Be careful what boxes are checked.

Try deleting from your download location or where you put it after it was dowloaded and unzipped or extracted.

I think you may have other issues at work.


----------



## trog69 (Jun 19, 2011)

Thanks for the suggestions, jsfitz54. I tried CCleaner, which I needed to run anyway, but it didn't find/delete cpu-z. I went back to the installation link, and installed again, and that's part of the problem. It just loads up and starts running; there's no point where it asks where to install, it just starts running automatically.

i7-960/Sapphire HD6950-2gb/Win7/6gb-DDR3-1333 ram/


----------



## trog69 (Jun 19, 2011)

*Here's the validation from cpu-z if it will help*

http://www.techpowerup.com/gpuz/8kvay/


----------



## jsfitz54 (Jun 19, 2011)

Try version CPU-Z 1.57, basically over install.  it SHOULD show up in "Programs and Features"

You mean GPU-Z? Right?

Try going to Administative Tools/system configuration/statup (tab)... and unchecking the box(s) that runs GPU-Z on startup, then save, then reboot.  You can also stop other processes/ applications that you don't need to run at startup.

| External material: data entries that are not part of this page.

(* There exist positive integers $g$ and $r_0$ (with $r_0$ even) and a family of DAGs $G$ with $n\to\infty$ nodes such that $\mathrm{OPT}_{I/O}^{(1)}=\Theta(n)$, while $\mathrm{OPT}_{I/O}^{(2)}=0$; here $\mathrm{OPT}_{I/O}^{(1)}$ is computed with $1$ processor and fast memory $r_0$, and $\mathrm{OPT}_{I/O}^{(2)}$ is computed with $2$ processors and fast memory $r_0/2$ each (and the same also holds with $2$ processors and fast memory $r_0$ each).
   Context: Multiprocessor red-blue pebbling (MPP). Input: a DAG $G=(V,E)$ with $n=|V|$ and positive integers $k$ (number of processors), $r$ (fast-memory size per processor), $g$ (cost of an I/O step). $\Delta_{in}$ denotes the maximum in-degree of $G$; sources/sinks are nodes of in-degree/out-degree $0$. A configuration is a tuple $(R^1,\dots,R^k,B)$ of subsets of $V$ ($R^j$ = nodes carrying a red pebble of processor $j$, $B$ = nodes carrying a blue pebble); it is valid if $|R^j|\le r$ for all $j$. The initial configuration has all sets empty; a configuration is terminal if every sink lies in $B\cup\bigcup_j R^j$. The transition rules are: (R1) for some $m\le k$, pairwise distinct processors $j_1,\dots,j_m$ and nodes $v_1,\dots,v_m$ with $v_i\in R^{j_i}$, add each $v_i$ to $B$ (cost $g$); (R2) for some $m\le k$, pairwise distinct processors $j_1,\dots,j_m$ and nodes $v_1,\dots,v_m\in B$, add each $v_i$ to $R^{j_i}$ (cost $g$); (R3) for some $m\le k$, pairwise distinct processors $j_1,\dots,j_m$ and nodes $v_1,\dots,v_m$ such that every in-neighbor of $v_i$ lies in $R^{j_i}$, add each $v_i$ to $R^{j_i}$ (cost $1$); (R4) remove a single red or blue pebble (cost $0$). A pebbling strategy is a sequence of valid configurations starting at the initial configuration and ending at a terminal one, each obtained from its predecessor by one rule; its cost is the sum of the costs of the rules applied. $\mathrm{OPT}$ denotes the minimum cost of a pebbling strategy. Applications of (R1),(R2) are called I/O steps and applications of (R3) compute steps. $\mathrm{OPT}_{I/O}^{(k)}$ denotes the minimum, over all minimum-cost pebbling strategies with $k$ processors, of the number of I/O steps. *)

theory Defs
  imports Main "HOL-Library.Landau_Symbols"
begin

text \<open>Processors are numbered 0..<k.
A configuration is a pair (R, B) where R j is the set of nodes carrying a red
pebble of processor j and B is the set of nodes carrying a blue pebble.\<close>

definition is_dag :: "'a set \<Rightarrow> ('a \<times> 'a) set \<Rightarrow> bool" where
  "is_dag V E \<longleftrightarrow> finite V \<and> E \<subseteq> V \<times> V \<and> acyclic E"

type_synonym 'a config = "(nat \<Rightarrow> 'a set) \<times> 'a set"

text \<open>A partial map sigma from processors to nodes
(with pairwise distinct processors by construction) describes the parallel
rules R1 (Save), R2 (Load), R3 (Compute). R4 is DelRed / DelBlue.\<close>

datatype 'a move =
    Save "nat \<Rightarrow> 'a option"
  | Load "nat \<Rightarrow> 'a option"
  | Compute "nat \<Rightarrow> 'a option"
  | DelRed nat 'a
  | DelBlue 'a

definition init_config :: "'a config" where
  "init_config = (\<lambda>_. {}, {})"

definition add_red :: "(nat \<Rightarrow> 'a option) \<Rightarrow> (nat \<Rightarrow> 'a set) \<Rightarrow> (nat \<Rightarrow> 'a set)" where
  "add_red \<sigma> R = (\<lambda>j. case \<sigma> j of None \<Rightarrow> R j | Some v \<Rightarrow> insert v (R j))"

fun applicable :: "'a set \<Rightarrow> ('a \<times> 'a) set \<Rightarrow> nat \<Rightarrow> 'a config \<Rightarrow> 'a move \<Rightarrow> bool" where
  "applicable V E k (R, B) (Save \<sigma>) \<longleftrightarrow>
     dom \<sigma> \<noteq> {} \<and> dom \<sigma> \<subseteq> {..<k} \<and> (\<forall>j v. \<sigma> j = Some v \<longrightarrow> v \<in> R j)"
| "applicable V E k (R, B) (Load \<sigma>) \<longleftrightarrow>
     dom \<sigma> \<noteq> {} \<and> dom \<sigma> \<subseteq> {..<k} \<and> ran \<sigma> \<subseteq> B"
| "applicable V E k (R, B) (Compute \<sigma>) \<longleftrightarrow>
     dom \<sigma> \<noteq> {} \<and> dom \<sigma> \<subseteq> {..<k} \<and>
     (\<forall>j v. \<sigma> j = Some v \<longrightarrow> v \<in> V \<and> (\<forall>u. (u, v) \<in> E \<longrightarrow> u \<in> R j))"
| "applicable V E k (R, B) (DelRed j v) \<longleftrightarrow> j < k \<and> v \<in> R j"
| "applicable V E k (R, B) (DelBlue v) \<longleftrightarrow> v \<in> B"

fun apply_move :: "'a config \<Rightarrow> 'a move \<Rightarrow> 'a config" where
  "apply_move (R, B) (Save \<sigma>) = (R, B \<union> ran \<sigma>)"
| "apply_move (R, B) (Load \<sigma>) = (add_red \<sigma> R, B)"
| "apply_move (R, B) (Compute \<sigma>) = (add_red \<sigma> R, B)"
| "apply_move (R, B) (DelRed j v) = (R(j := R j - {v}), B)"
| "apply_move (R, B) (DelBlue v) = (R, B - {v})"

fun move_cost :: "nat \<Rightarrow> 'a move \<Rightarrow> nat" where
  "move_cost g (Save _) = g"
| "move_cost g (Load _) = g"
| "move_cost g (Compute _) = 1"
| "move_cost g (DelRed _ _) = 0"
| "move_cost g (DelBlue _) = 0"

fun is_io :: "'a move \<Rightarrow> bool" where
  "is_io (Save _) = True"
| "is_io (Load _) = True"
| "is_io _ = False"

definition valid_config :: "nat \<Rightarrow> nat \<Rightarrow> 'a config \<Rightarrow> bool" where
  "valid_config k r C \<longleftrightarrow> (\<forall>j<k. card (fst C j) \<le> r)"

definition terminal_config :: "'a set \<Rightarrow> ('a \<times> 'a) set \<Rightarrow> nat \<Rightarrow> 'a config \<Rightarrow> bool" where
  "terminal_config V E k C \<longleftrightarrow>
     (\<forall>v\<in>V. (\<forall>w. (v, w) \<notin> E) \<longrightarrow> v \<in> snd C \<union> (\<Union>j<k. fst C j))"

fun strategy_from :: "'a set \<Rightarrow> ('a \<times> 'a) set \<Rightarrow> nat \<Rightarrow> nat \<Rightarrow> 'a config \<Rightarrow> 'a move list \<Rightarrow> bool" where
  "strategy_from V E k r C [] \<longleftrightarrow> terminal_config V E k C"
| "strategy_from V E k r C (m # ms) \<longleftrightarrow>
     applicable V E k C m \<and> valid_config k r (apply_move C m) \<and>
     strategy_from V E k r (apply_move C m) ms"

definition pebbling_strategy :: "'a set \<Rightarrow> ('a \<times> 'a) set \<Rightarrow> nat \<Rightarrow> nat \<Rightarrow> 'a move list \<Rightarrow> bool" where
  "pebbling_strategy V E k r ms \<longleftrightarrow> strategy_from V E k r init_config ms"

definition strategy_cost :: "nat \<Rightarrow> 'a move list \<Rightarrow> nat" where
  "strategy_cost g ms = (\<Sum>m\<leftarrow>ms. move_cost g m)"

definition num_io :: "'a move list \<Rightarrow> nat" where
  "num_io ms = length (filter is_io ms)"

definition pebblable :: "'a set \<Rightarrow> ('a \<times> 'a) set \<Rightarrow> nat \<Rightarrow> nat \<Rightarrow> bool" where
  "pebblable V E k r \<longleftrightarrow> (\<exists>ms. pebbling_strategy V E k r ms)"

definition OPT :: "'a set \<Rightarrow> ('a \<times> 'a) set \<Rightarrow> nat \<Rightarrow> nat \<Rightarrow> nat \<Rightarrow> nat" where
  "OPT V E k r g = (LEAST c. \<exists>ms. pebbling_strategy V E k r ms \<and> strategy_cost g ms = c)"

definition OPT_IO :: "'a set \<Rightarrow> ('a \<times> 'a) set \<Rightarrow> nat \<Rightarrow> nat \<Rightarrow> nat \<Rightarrow> nat" where
  "OPT_IO V E k r g = (LEAST t. \<exists>ms. pebbling_strategy V E k r ms \<and>
       strategy_cost g ms = OPT V E k r g \<and> num_io ms = t)"

end

theory Submission
  imports Defs "HOL-Library.Countable"
begin

(*
  The DAG consists of a chain Chain 0 -> ... -> Chain (chain_len G - 1) and G gadgets. Gadget g
  is a path Y g 0 -> ... -> Y g (path_len - 1), cut into n_seg segments of length seg_len,
  together with a chain W g 0 -> ... -> W g (n_seg - 1) in which W g i also needs the path node
  Y g (pin i) ending segment n_seg - i; so the W nodes consume the segment ends in reverse order.
  The W chains of consecutive gadgets are linked, and chain_len G is the number of compute steps
  needed to recompute, for every W node, the gadget path up to its segment end.

  Two processors: one walks along the chain while the other recomputes the gadget paths with
  three red pebbles. Both finish after chain_len G compute steps, which the chain forces on every
  strategy, so an optimal strategy needs no I/O at all.

  One processor with n_seg - 1 red pebbles: when W g 0 is computed the last path node is red, so
  one of the other n_seg - 1 segments carries no red pebble. The W node needing the end of that
  segment is computed later, so unless some node of the gadget is loaded, the whole segment is
  computed twice. Storing and reloading the segment ends costs 2 (n_seg - 1) I/O steps per
  gadget, and seg_len = 4 (n_seg - 1) makes recomputing a segment more expensive than that, so
  optimal strategies perform between G / 2 and O(n) I/O steps.
*)

section \<open>Executions of a strategy\<close>

definition run_config :: "'a move list \<Rightarrow> nat \<Rightarrow> 'a config" where
  "run_config ms t = foldl apply_move init_config (take t ms)"

lemma run_config_0 [simp]: "run_config ms 0 = init_config"
  by (simp add: run_config_def)

lemma run_config_Suc:
  "t < length ms \<Longrightarrow> run_config ms (Suc t) = apply_move (run_config ms t) (ms ! t)"
  by (simp add: run_config_def take_Suc_conv_app_nth)

lemma strategy_from_iff:
  "strategy_from V E k r C ms \<longleftrightarrow>
    (\<forall>t<length ms. applicable V E k (foldl apply_move C (take t ms)) (ms ! t) \<and>
        valid_config k r (foldl apply_move C (take (Suc t) ms))) \<and>
    terminal_config V E k (foldl apply_move C ms)"
  by (induction ms arbitrary: C) (simp_all add: All_less_Suc2)

fun is_compute :: "'a move \<Rightarrow> bool" where
  "is_compute (Compute _) = True"
| "is_compute _ = False"

definition num_compute :: "'a move list \<Rightarrow> nat" where
  "num_compute ms = length (filter is_compute ms)"

lemma strategy_cost_eq: "strategy_cost g ms = num_compute ms + g * num_io ms"
  by (induction ms) (auto simp: strategy_cost_def num_compute_def num_io_def elim: is_io.elims)

lemma num_compute_append [simp]: "num_compute (ms @ ms') = num_compute ms + num_compute ms'"
  and num_io_append [simp]: "num_io (ms @ ms') = num_io ms + num_io ms'"
  by (simp_all add: num_compute_def num_io_def)

lemma num_compute_Cons [simp]: "num_compute (m # ms) = (if is_compute m then 1 else 0) + num_compute ms"
  and num_io_Cons [simp]: "num_io (m # ms) = (if is_io m then 1 else 0) + num_io ms"
  and num_compute_Nil [simp]: "num_compute [] = 0"
  and num_io_Nil [simp]: "num_io [] = 0"
  by (simp_all add: num_compute_def num_io_def)

lemma num_compute_map_concat:
    "num_compute (map f (concat xss)) = (\<Sum>xs\<leftarrow>xss. num_compute (map f xs))"
  and num_io_map_concat: "num_io (map f (concat xss)) = (\<Sum>xs\<leftarrow>xss. num_io (map f xs))"
  by (induction xss) simp_all

lemma delete_counts [simp]: "num_compute (map (DelRed j) ds) = 0" "num_io (map (DelRed j) ds) = 0"
  by (induction ds) simp_all

definition pebbled :: "'a config \<Rightarrow> 'a set" where
  "pebbled C = snd C \<union> (\<Union>j. fst C j)"

lemma add_red_cases: "v \<in> add_red \<sigma> R j \<Longrightarrow> v \<in> R j \<or> \<sigma> j = Some v"
  by (auto simp: add_red_def split: option.splits)

lemma pebbled_apply_move:
  assumes "applicable V E k C m" "v \<in> pebbled (apply_move C m)"
  shows "v \<in> pebbled C \<or>
    (\<exists>\<sigma> j. m = Compute \<sigma> \<and> \<sigma> j = Some v \<and> (\<forall>u. (u, v) \<in> E \<longrightarrow> u \<in> fst C j))"
proof -
  obtain R B where C: "C = (R, B)" by fastforce
  show ?thesis
    using assms unfolding C
    by (cases m) (auto simp: pebbled_def ran_def split: if_splits dest!: add_red_cases)
qed

lemma num_compute_take_Suc:
  "t < length ms \<Longrightarrow>
    num_compute (take (Suc t) ms) = num_compute (take t ms) + (if is_compute (ms ! t) then 1 else 0)"
  by (simp add: num_compute_def take_Suc_conv_app_nth)

definition computes :: "'a move list \<Rightarrow> nat \<Rightarrow> nat \<Rightarrow> 'a \<Rightarrow> bool" where
  "computes ms t j v \<longleftrightarrow> t < length ms \<and> (\<exists>\<sigma>. ms ! t = Compute \<sigma> \<and> \<sigma> j = Some v)"

definition loads :: "'a move list \<Rightarrow> nat \<Rightarrow> nat \<Rightarrow> 'a \<Rightarrow> bool" where
  "loads ms t j v \<longleftrightarrow> t < length ms \<and> (\<exists>\<sigma>. ms ! t = Load \<sigma> \<and> \<sigma> j = Some v)"

lemma new_red_cases:
  "v \<in> fst (apply_move C m) j \<Longrightarrow> v \<notin> fst C j \<Longrightarrow>
    \<exists>\<sigma>. (m = Compute \<sigma> \<or> m = Load \<sigma>) \<and> \<sigma> j = Some v"
  by (cases C; cases m) (auto split: if_splits dest: add_red_cases)

lemma computes_red: "computes ms u j v \<Longrightarrow> v \<in> fst (run_config ms (Suc u)) j"
  by (cases "run_config ms u") (auto simp: computes_def run_config_Suc add_red_def)

lemma red_origin:
  assumes "t \<le> t'" "t' \<le> length ms"
    and "v \<notin> fst (run_config ms t) j" "v \<in> fst (run_config ms t') j"
  shows "\<exists>u. t \<le> u \<and> u < t' \<and> (computes ms u j v \<or> loads ms u j v)"
  using assms
proof (induction t')
  case (Suc t')
  show ?case
  proof (cases "v \<in> fst (run_config ms t') j")
    case True
    then show ?thesis using Suc by (metis Suc_leD le_SucE less_SucI)
  next
    case False
    then have "t \<le> t'" using Suc.prems by (metis le_SucE)
    with False Suc.prems new_red_cases[of v "run_config ms t'" "ms ! t'" j] show ?thesis
      by (auto simp: run_config_Suc computes_def loads_def)
  qed
qed simp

Could Norton have put it in Quarentine?

Delete those files you downloaded and unpackaged.


----------



## trog69 (Jun 19, 2011)

*Sorry, yes the gpu-z*

Believe me, I've been all over my system, and this program is not there, except of course I have it minimized in my tray right now, after rebooting. As I said, it's not seen in any start up programs, even Norton doesn't show it. I've never seen anything like this. But, as I said, it doesn't have any files "downloaded and unpackaged". THere's the installation file from the gpu-z link mirror, and when you click it, it automatically starts the program. That's it. It doesn't seem to load anything anywhere, but it has to; I just don't know how to find it.


----------



## jsfitz54 (Jun 19, 2011)

Delete the installation files.
Does anything show up in task manager.
For me to run it, I need to run intall, every time and I get a prompt "do you want to install".  There is no start automatically.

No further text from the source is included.